#### Brief:
Going through the entries below, copy out each line that contains "lambda".

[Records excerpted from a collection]
lemma matrix_conjugate_add_scaleR_mat_1:
  fixes A J :: "real^'n^'n"
  assumes "invertible A"
  shows "A ** (c *\<^sub>R mat 1 + matrix_inv A ** J ** A) ** matrix_inv A = c *\<^sub>R mat 1 + J"
proof -
  have add_rdistrib: "(B + C) ** D = B ** D + C ** D" for B C D :: "real^'n^'n"
    by (vector matrix_matrix_mult_def sum.distrib[symmetric] field_simps)
  have "A ** (c *\<^sub>R mat 1 + matrix_inv A ** J ** A) ** matrix_inv A
      = c *\<^sub>R (A ** matrix_inv A) + (A ** matrix_inv A) ** J ** (A ** matrix_inv A)"
    by (simp add: matrix_add_ldistrib add_rdistrib matrix_scalar_ac scalar_matrix_assoc[symmetric]
        matrix_mul_assoc)
  then show ?thesis by (simp add: matrix_inv_right[OF assms])
qed

lemma has_derivative_jac:
  assumes "h differentiable (at x)"
  shows "(h has_derivative (\<lambda>v. jac h x *v v)) (at x)"
  using assms jacobian_works unfolding jac_def jacobian_def[symmetric] by blast

lemma jac_eqI:
  assumes "(h has_derivative (\<lambda>v. M *v v)) (at x)"
  shows "jac h x = M"
  using frechet_derivative_at[OF assms] by (metis jac_def matrix_of_matrix_vector_mul)

lemma has_derivative_matrix_conjugate:
  fixes h :: "real^'n \<Rightarrow> real^'n" and A B :: "real^'n^'n"
  assumes "h differentiable (at (B *v x))"
  shows "((\<lambda>x. A *v h (B *v x)) has_derivative (\<lambda>v. (A ** jac h (B *v x) ** B) *v v)) (at x)"
proof -
  have "((\<lambda>x. h (B *v x)) has_derivative (\<lambda>v. jac h (B *v x) *v (B *v v))) (at x)"
    by (rule has_derivative_compose[OF bounded_linear_imp_has_derivative[OF
          matrix_vector_mul_bounded_linear] has_derivative_jac[OF assms]])
  from bounded_linear.has_derivative[OF matrix_vector_mul_bounded_linear this, of A]
  show ?thesis by (simp add: matrix_vector_mul_assoc matrix_mul_assoc)
qed

lemma has_derivative_scaleR_add:
  fixes g :: "real^'n \<Rightarrow> real^'n"
  assumes "(g has_derivative (\<lambda>v. M *v v)) (at x)"
  shows "((\<lambda>x. c *\<^sub>R x + g x) has_derivative (\<lambda>v. (c *\<^sub>R mat 1 + M) *v v)) (at x)"
  using has_derivative_add[OF has_derivative_scaleR_right[OF has_derivative_ident] assms]
  by (simp add: matrix_vector_mult_add_rdistrib flip: scaleR_matrix_vector_assoc)

lemma norm_derivative_le_lipschitz:
  fixes h :: "'a::real_normed_vector \<Rightarrow> 'b::real_normed_vector"
  assumes L: "L-lipschitz_on UNIV h" and D: "(h has_derivative D) (at x)"
  shows "norm (D v) \<le> L * norm v"
proof (cases "v = 0")
  case True
  then show ?thesis using has_derivative_linear[OF D] by (simp add: linear_0)
next
  case False
  have "norm (D v) \<le> L * norm v + e" if "e > 0" for e
  proof -
    obtain d where "d > 0" and approx: "\<And>y. norm (y - x) < d \<Longrightarrow>
        norm (h y - h x - D (y - x)) \<le> (e / norm v) * norm (y - x)"
      using D \<open>e > 0\<close> False unfolding has_derivative_at_alt by (meson divide_pos_pos zero_less_norm_iff)
    define t where "t = d / (2 * norm v)"
    have "t > 0" using \<open>d > 0\<close> False by (simp add: t_def)
    have "norm (t *\<^sub>R v) < d" using \<open>d > 0\<close> False by (simp add: t_def)
    then have remainder: "norm (h (x + t *\<^sub>R v) - h x - D (t *\<^sub>R v)) \<le> t * e"
      using approx[of "x + t *\<^sub>R v"] \<open>t > 0\<close> False by (simp add: mult.commute)
    have increment: "norm (h (x + t *\<^sub>R v) - h x) \<le> L * (t * norm v)"
      using lipschitz_on_normD[OF L, of "x + t *\<^sub>R v" x] \<open>t > 0\<close> by simp
    have "t * norm (D v) = norm (D (t *\<^sub>R v))"
      using \<open>t > 0\<close> by (simp add: linear_scale[OF has_derivative_linear[OF D]])
    also have "\<dots> \<le> norm (h (x + t *\<^sub>R v) - h x) + norm (h (x + t *\<^sub>R v) - h x - D (t *\<^sub>R v))"
      using norm_triangle_sub[of "D (t *\<^sub>R v)" "h (x + t *\<^sub>R v) - h x"]
      by (simp add: norm_minus_commute)
    also have "\<dots> \<le> t * (L * norm v + e)"
      using remainder increment by (simp add: algebra_simps)
    finally show ?thesis using \<open>t > 0\<close> by simp
  qed
  then show ?thesis by (rule field_le_epsilon)
qed

lemma abs_jac_entry_le_lipschitz:
  assumes "L-lipschitz_on UNIV h" and "h differentiable (at x)"
  shows "\<bar>jac h x $ i $ j\<bar> \<le> L"
proof -
  have "\<bar>jac h x $ i $ j\<bar> = \<bar>(jac h x *v axis j 1) $ i\<bar>"
    by (simp add: matrix_vector_mult_basis column_def)
  also have "\<dots> \<le> norm (jac h x *v axis j 1)" by (rule component_le_norm_cart)
  also have "\<dots> \<le> L * norm (axis j 1 :: real^_)"
    by (rule norm_derivative_le_lipschitz[OF assms(1) has_derivative_jac[OF assms(2)]])
  finally show ?thesis by (simp add: norm_axis_1)
qed

lemma abs_component_le_vnorm: "\<bar>x $ i\<bar> \<le> vnorm p x"
  by (cases p) (auto simp: vnorm_def intro: member_le_sum Max_ge)

lemma vnorm_pos:
  assumes "x \<noteq> 0"
  shows "0 < vnorm p x"
proof -
  obtain i where "x $ i \<noteq> 0" using assms by (auto simp: vec_eq_iff)
  then show ?thesis using abs_component_le_vnorm[of x i p] by linarith
qed

lemma abs_matrix_vector_component_le:
  fixes A :: "real^'n^'n"
  shows "\<bar>(A *v x) $ i\<bar> \<le> (\<Sum>j\<in>UNIV. \<bar>A $ i $ j\<bar>) * vnorm p x"
proof -
  have "\<bar>(A *v x) $ i\<bar> \<le> (\<Sum>j\<in>UNIV. \<bar>A $ i $ j\<bar> * \<bar>x $ j\<bar>)"
    unfolding matrix_vector_mult_def by (simp add: order_trans[OF sum_abs] abs_mult)
  also have "\<dots> \<le> (\<Sum>j\<in>UNIV. \<bar>A $ i $ j\<bar> * vnorm p x)"
    by (intro sum_mono mult_left_mono abs_component_le_vnorm) simp
  finally show ?thesis by (simp add: sum_distrib_right)
qed

lemma bdd_above_mnorm_quotients:
  fixes A :: "real^'n^'n"
  shows "bdd_above ((\<lambda>x. vnorm p (A *v x) / vnorm p x) ` {x. x \<noteq> 0})"
proof (rule bdd_aboveI2)
  fix x :: "real^'n" assume "x \<in> {x. x \<noteq> 0}"
  then have "0 < vnorm p x" by (simp add: vnorm_pos)
  have "vnorm p (A *v x) \<le> (\<Sum>i\<in>UNIV. \<bar>(A *v x) $ i\<bar>)"
    by (cases p) (auto simp: vnorm_def intro: member_le_sum)
  also have "\<dots> \<le> (\<Sum>i\<in>UNIV. (\<Sum>j\<in>UNIV. \<bar>A $ i $ j\<bar>) * vnorm p x)"
    by (intro sum_mono abs_matrix_vector_component_le)
  also have "\<dots> = (\<Sum>i\<in>UNIV. \<Sum>j\<in>UNIV. \<bar>A $ i $ j\<bar>) * vnorm p x"
    by (simp add: sum_distrib_right)
  finally show "vnorm p (A *v x) / vnorm p x \<le> (\<Sum>i\<in>UNIV. \<Sum>j\<in>UNIV. \<bar>A $ i $ j\<bar>)"
    using \<open>0 < vnorm p x\<close> by (simp add: divide_le_eq)
qed

lemma vnorm_matrix_vector_le_mnorm:
  fixes A :: "real^'n^'n"
  assumes "x \<noteq> 0"
  shows "vnorm p (A *v x) \<le> mnorm p A * vnorm p x"
proof -
  have "vnorm p (A *v x) / vnorm p x \<le> mnorm p A"
    unfolding mnorm_def using assms by (intro cSUP_upper[OF _ bdd_above_mnorm_quotients]) simp
  then show ?thesis using vnorm_pos[OF assms] by (simp add: divide_le_eq)
qed

lemma mnorm_le:
  fixes A :: "real^'n^'n"
  assumes "\<And>x. x \<noteq> 0 \<Longrightarrow> vnorm p (A *v x) \<le> c * vnorm p x"
  shows "mnorm p A \<le> c"
  unfolding mnorm_def
proof (rule cSUP_least)
  have "axis undefined 1 \<noteq> (0::real^'n)" by (simp add: axis_eq_0_iff)
  then show "{x::real^'n. x \<noteq> 0} \<noteq> {}" by blast
next
  fix x :: "real^'n" assume "x \<in> {x. x \<noteq> 0}"
  then show "vnorm p (A *v x) / vnorm p x \<le> c"
    using assms[of x] vnorm_pos[of x p] by (simp add: divide_le_eq)
qed

lemma mu_scaleR_mat_1_add:
  fixes A :: "real^'n^'n"
  shows "mu p (c *\<^sub>R mat 1 + A) = c + mu p A"
proof -
  have row: "(c *\<^sub>R mat 1 + A) $ i $ i + (\<Sum>j\<in>UNIV - {i}. \<bar>(c *\<^sub>R mat 1 + A) $ i $ j\<bar>)
      = (A $ i $ i + (\<Sum>j\<in>UNIV - {i}. \<bar>A $ i $ j\<bar>)) + c"
    and col: "(c *\<^sub>R mat 1 + A) $ i $ i + (\<Sum>j\<in>UNIV - {i}. \<bar>(c *\<^sub>R mat 1 + A) $ j $ i\<bar>)
      = (A $ i $ i + (\<Sum>j\<in>UNIV - {i}. \<bar>A $ j $ i\<bar>)) + c" for i
    by (auto simp: mat_def intro!: sum.cong)
  show ?thesis
    unfolding mu_def row col by (cases p) (simp_all add: Max_add_commute)
qed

#### Finished exercise:
  shows "(h has_derivative (\<lambda>v. jac h x *v v)) (at x)"
  assumes "(h has_derivative (\<lambda>v. M *v v)) (at x)"
  shows "((\<lambda>x. A *v h (B *v x)) has_derivative (\<lambda>v. (A ** jac h (B *v x) ** B) *v v)) (at x)"
  have "((\<lambda>x. h (B *v x)) has_derivative (\<lambda>v. jac h (B *v x) *v (B *v v))) (at x)"
  assumes "(g has_derivative (\<lambda>v. M *v v)) (at x)"
  shows "((\<lambda>x. c *\<^sub>R x + g x) has_derivative (\<lambda>v. (c *\<^sub>R mat 1 + M) *v v)) (at x)"
  shows "bdd_above ((\<lambda>x. vnorm p (A *v x) / vnorm p x) ` {x. x \<noteq> 0})"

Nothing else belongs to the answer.